По лестнице спускался встревоженный Желябов.

— Что случилось? Почему из подвала вышел пристав?

Андрей Иванович запыхался. Богданович только ухмыльнулся. Якимова откровенно смеялась.

— Ты посмотри на себя: борода в сосульках, шапка на затылке, душа нараспашку и не пьян — ведь подозрительно.

— Идите вы к черту! Что тут произошло?

— Ничего особенного. Их благородие захотело сырку для опохмелки, господин Кобозев прочел ему лекцию о сырах, а я что-то отвесила, вот и все.

— Фу!.. А я иду вас проведать, ведь вы раненько от Геси сбежали, настроение самое что ни на есть новогоднее, напеваю в усы — и вдруг нос к носу… Я было руку в карман. Смотрю, пристав сыр нюхает и морщится, вот-вот чихнет. Он ничего не заподозрил?

— А что подозревать-то: окромя лавки, бородатого мужика да нерасторопной бабы, ничего сумнительного нет.

Желябов с удивлением поглядел на Богдановича. Ай да Юрка, шпарит с этаким московским присказом, вот только борода не крестьянская. Якимова хохотала — это была нервная разрядка.

— Сегодня вечером сделаем наметку и начнем копать?

— Вы уже переехали?

— Нет еще.

— Не годится, нужно скорей. Пока вы приходящие хозяева, и нам в лавку нельзя сунуться.

— Да ведь в жилой комнате не закончили ремонт, там вода, да и асфальтовый пол весь в трещинах.

7 января Кобозевы переехали на жительство в лавку. Ночью в тесной комнатке собрались почти все члены Исполнительного комитета. Осмотрели помещение и решили вести подкоп из жилой части магазина.

* * *

Трактир как трактир. Их сотни, если не тысячи, разбросаны по столице Российской империи. Безвкусная вывеска с обязательным муляжом водочной бутылки, спертый воздух, пропитанный винными парами, гам, пьяные выкрики и бесшумные половые в русских рубахах навыпуск. В глубине отдельные кабинеты с претензией на дешевую роскошь. Они хороши только тем, что закрытые двери не пропускают звуков, половые предварительно стучат.
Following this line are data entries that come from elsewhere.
(* Let $s,k,g,l$ be indices with $k\ge1$, $1\le l\le k-1$, $r_l\ge r_s$, $0\le g\le n-1$. (a) If there is a job $j<k$ with $r_s\le r_j<r_l$ and $C^{\mathrm{edf}}_{s,j}>r_l$, then $P_{s,k,g,l}=+\infty$. (b) $P_{s,k,g,l}=0$ if and only if $U_{s,k-1,g}\ge r_l$ and every job $j<k$ with $r_s\le r_j<r_l$ satisfies $C^{\mathrm{edf}}_{s,j}\le r_l$.
   Context: Time is discrete (slots $[t,t+1)$). There are $n$ jobs, job $j$ with integer processing time $p_j\ge1$, release time $r_j$, deadline $d_j$; jobs are indexed so that $d_1<\dots<d_n$, release times are pairwise distinct, and the instance is feasible. A (partial, preemptive) schedule assigns to each slot at most one job so that each job it schedules receives exactly $p_j$ slots in $[r_j,d_j)$, with the earliest-deadline property (whenever busy at slot $t$, run the released, not yet completed scheduled job of smallest deadline). $C_{\max}(S)$ is its completion time. For $s\in\{1,\dots,n\}$, $k\in\{0,\dots,n\}$, an $(s,k)$-schedule is a schedule $S$ with $C_{\max}(S)\le d_k$ scheduling exactly the jobs $j\le k$ with $r_s\le r_j<C_{\max}(S)$; the empty schedule counts, with $C_{\max}=r_s$. Gaps of an $(s,k)$-schedule: maximal idle intervals between its blocks (maximal busy intervals), plus the idle interval from $r_s$ to the first block if nonempty; for $t\ge C_{\max}(S)$, the gaps of $S$ with respect to $[r_s,t)$ are its gaps together with $[C_{\max}(S),t)$ if $C_{\max}(S)<t$. $U_{s,k,g}$ is the maximum completion time of an $(s,k)$-schedule with at most $g$ gaps. For $p\ge0$, an $(s,k,p)$-schedule is an $(s,k)$-schedule for the modified instance with $r_k$ replaced by $\max\{r_s,r_k\}$ and $p_k$ by $p$. $\mathrm{prevr}_{k'}(t)=\max\{r_j: j\le k',\ r_j<t\}$ ($-\infty$ if no such $j$). $P_{s,k,g,l}$ is the minimum integer $p\ge0$ for which there is an $(s,k,p)$-schedule $S$ with $\mathrm{prevr}_{k-1}(r_l)<C_{\max}(S)\le r_l$ having at most $g$ gaps with respect to $[r_s,r_l)$, and $+\infty$ if none exists. For $r_j\ge r_s$, $C^{\mathrm{edf}}_{s,j}$ is the minimum completion time of job $j$ over all $(s,j)$-schedules that schedule $j$. *)

theory Defs
  imports Main "HOL-Library.Extended_Real" "HOL-Library.Extended_Nat"
begin

text \<open>Jobs are 1..n; time slots are natural numbers; slot t is the interval [t,t+1).
  A schedule is a pair (J, sigma): J is the set of scheduled jobs and
  sigma t = Some j means job j runs in slot t (None = idle).\<close>

definition is_sched ::
  "nat \<Rightarrow> (nat \<Rightarrow> nat) \<Rightarrow> (nat \<Rightarrow> nat) \<Rightarrow> (nat \<Rightarrow> nat) \<Rightarrow> nat set \<Rightarrow> (nat \<Rightarrow> nat option) \<Rightarrow> bool" where
  "is_sched n p r d J \<sigma> \<longleftrightarrow>
     J \<subseteq> {1..n} \<and>
     (\<forall>t j. \<sigma> t = Some j \<longrightarrow> j \<in> J \<and> r j \<le> t \<and> t < d j) \<and>
     (\<forall>j\<in>J. card {t. \<sigma> t = Some j} = p j) \<and>
     (\<forall>t j. \<sigma> t = Some j \<longrightarrow>
        (\<forall>i\<in>J. r i \<le> t \<and> card {u. u < t \<and> \<sigma> u = Some i} < p i \<longrightarrow> d j \<le> d i))"

text \<open>Completion time; the empty schedule has completion time r s.\<close>
definition Cmax :: "(nat \<Rightarrow> nat) \<Rightarrow> nat \<Rightarrow> (nat \<Rightarrow> nat option) \<Rightarrow> nat" where
  "Cmax r s \<sigma> = max (r s) (Sup {Suc t | t. \<sigma> t \<noteq> None})"

definition sk_sched ::
  "nat \<Rightarrow> (nat \<Rightarrow> nat) \<Rightarrow> (nat \<Rightarrow> nat) \<Rightarrow> (nat \<Rightarrow> nat) \<Rightarrow> nat \<Rightarrow> nat \<Rightarrow> nat set \<Rightarrow> (nat \<Rightarrow> nat option) \<Rightarrow> bool" where
  "sk_sched n p r d s k J \<sigma> \<longleftrightarrow>
     is_sched n p r d J \<sigma> \<and> Cmax r s \<sigma> \<le> d k \<and>
     J = {j. 1 \<le> j \<and> j \<le> k \<and> r s \<le> r j \<and> r j < Cmax r s \<sigma>}"

text \<open>Number of maximal idle intervals contained in [a,b).\<close>
definition ngaps :: "(nat \<Rightarrow> nat option) \<Rightarrow> nat \<Rightarrow> nat \<Rightarrow> nat" where
  "ngaps \<sigma> a b = card {u. a \<le> u \<and> u < b \<and> \<sigma> u = None \<and> (u = a \<or> \<sigma> (u - 1) \<noteq> None)}"

text \<open>U_{s,k,g}; Sup of the empty set is -infinity.\<close>
definition U :: "nat \<Rightarrow> (nat \<Rightarrow> nat) \<Rightarrow> (nat \<Rightarrow> nat) \<Rightarrow> (nat \<Rightarrow> nat) \<Rightarrow> nat \<Rightarrow> nat \<Rightarrow> nat \<Rightarrow> ereal" where
  "U n p r d s k g = Sup {ereal (real (Cmax r s \<sigma>)) | J \<sigma>.
       sk_sched n p r d s k J \<sigma> \<and> ngaps \<sigma> (r s) (Cmax r s \<sigma>) \<le> g}"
Двери хлопают, как по часам, каждые десять минут. Вместе с входящим в тесную каморку кабинета врываются острые запахи кухни и гомон веселых посетителей. В кабинете тишина. Желябов внимательно всматривается в лица собравшихся. Перовская о чем-то сосредоточенно думает, остановившись взглядом на ножке стола. Входит Рысаков, он последний. Молча кивает головой — слежки нет, можно начинать. Желябов встает и вдруг внезапно, без всяких предисловий:

— Кто из вас готов убить царя и, может быть, погибнуть?

Желябов на минуту замолчал, как бы ожидая ответа. Никто не шевельнулся, все ждали продолжения речи, чувствуя по ее началу, что конец будет ошеломляющий.

— Они пока неотделимы друг от друга. Убийство и гибель. Бросая клич, мы знаем, что убивший узурпатора-царя, наверное, будет замучен его опричниками и примет венец, но освобожденный народ воздаст ему должное, и в памяти народной он всегда останется в ореоле героя. Круг сузился, занесен карающий меч, его нужно вложить в достойные, надежные, могучие руки.

Сколько самоотвержения звучало в этих словах. Каждый задал себе вопрос: а хватит ли у него силы, веры, стойкости, чтобы встать на эту тропу? И, как бы отвечая на сомнения, кто-то тихо произнес знаменитые слова Герцена:

— Поймут ли, оценят ли грядущие люди?.. Желябов встрепенулся, на лету подхватил реплику:

— Террор? Он пугает слабых. Для сильных это средство исключительное, героическое. Но зато и самое действенное, лишь бы борьба велась последовательно, без перерывов. Все значение этого орудия борьбы и все шансы на успех заключаются именно в последовательности и непрерывности действий, направлять которые необходимо на определенный намеченный пункт. Под ударами систематического террора самодержавие дает уже трещины. У правительства вне его самого нет опоры; долго выдерживать подобное напряженное состояние оно не в силах и пойдет на действительные, а не призрачные уступки; лишь бы только борьба велась неуклонно. Замедление для нас гибельно, мы должны идти форсированным маршем, напрягая все силы; а за нами пусть идут другие по проторенному и испытанному уже пути, и они возьмут свое…

И как эхо: «И они возьмут свое…»

И снова тот же тихий голос, тревожа, настораживая:

— А они?.. Не подумают ли они о нас так же, как ныне пишут: «…де террор — это средство мести людей, обессиленных в пропаганде своих бредовых теорий»?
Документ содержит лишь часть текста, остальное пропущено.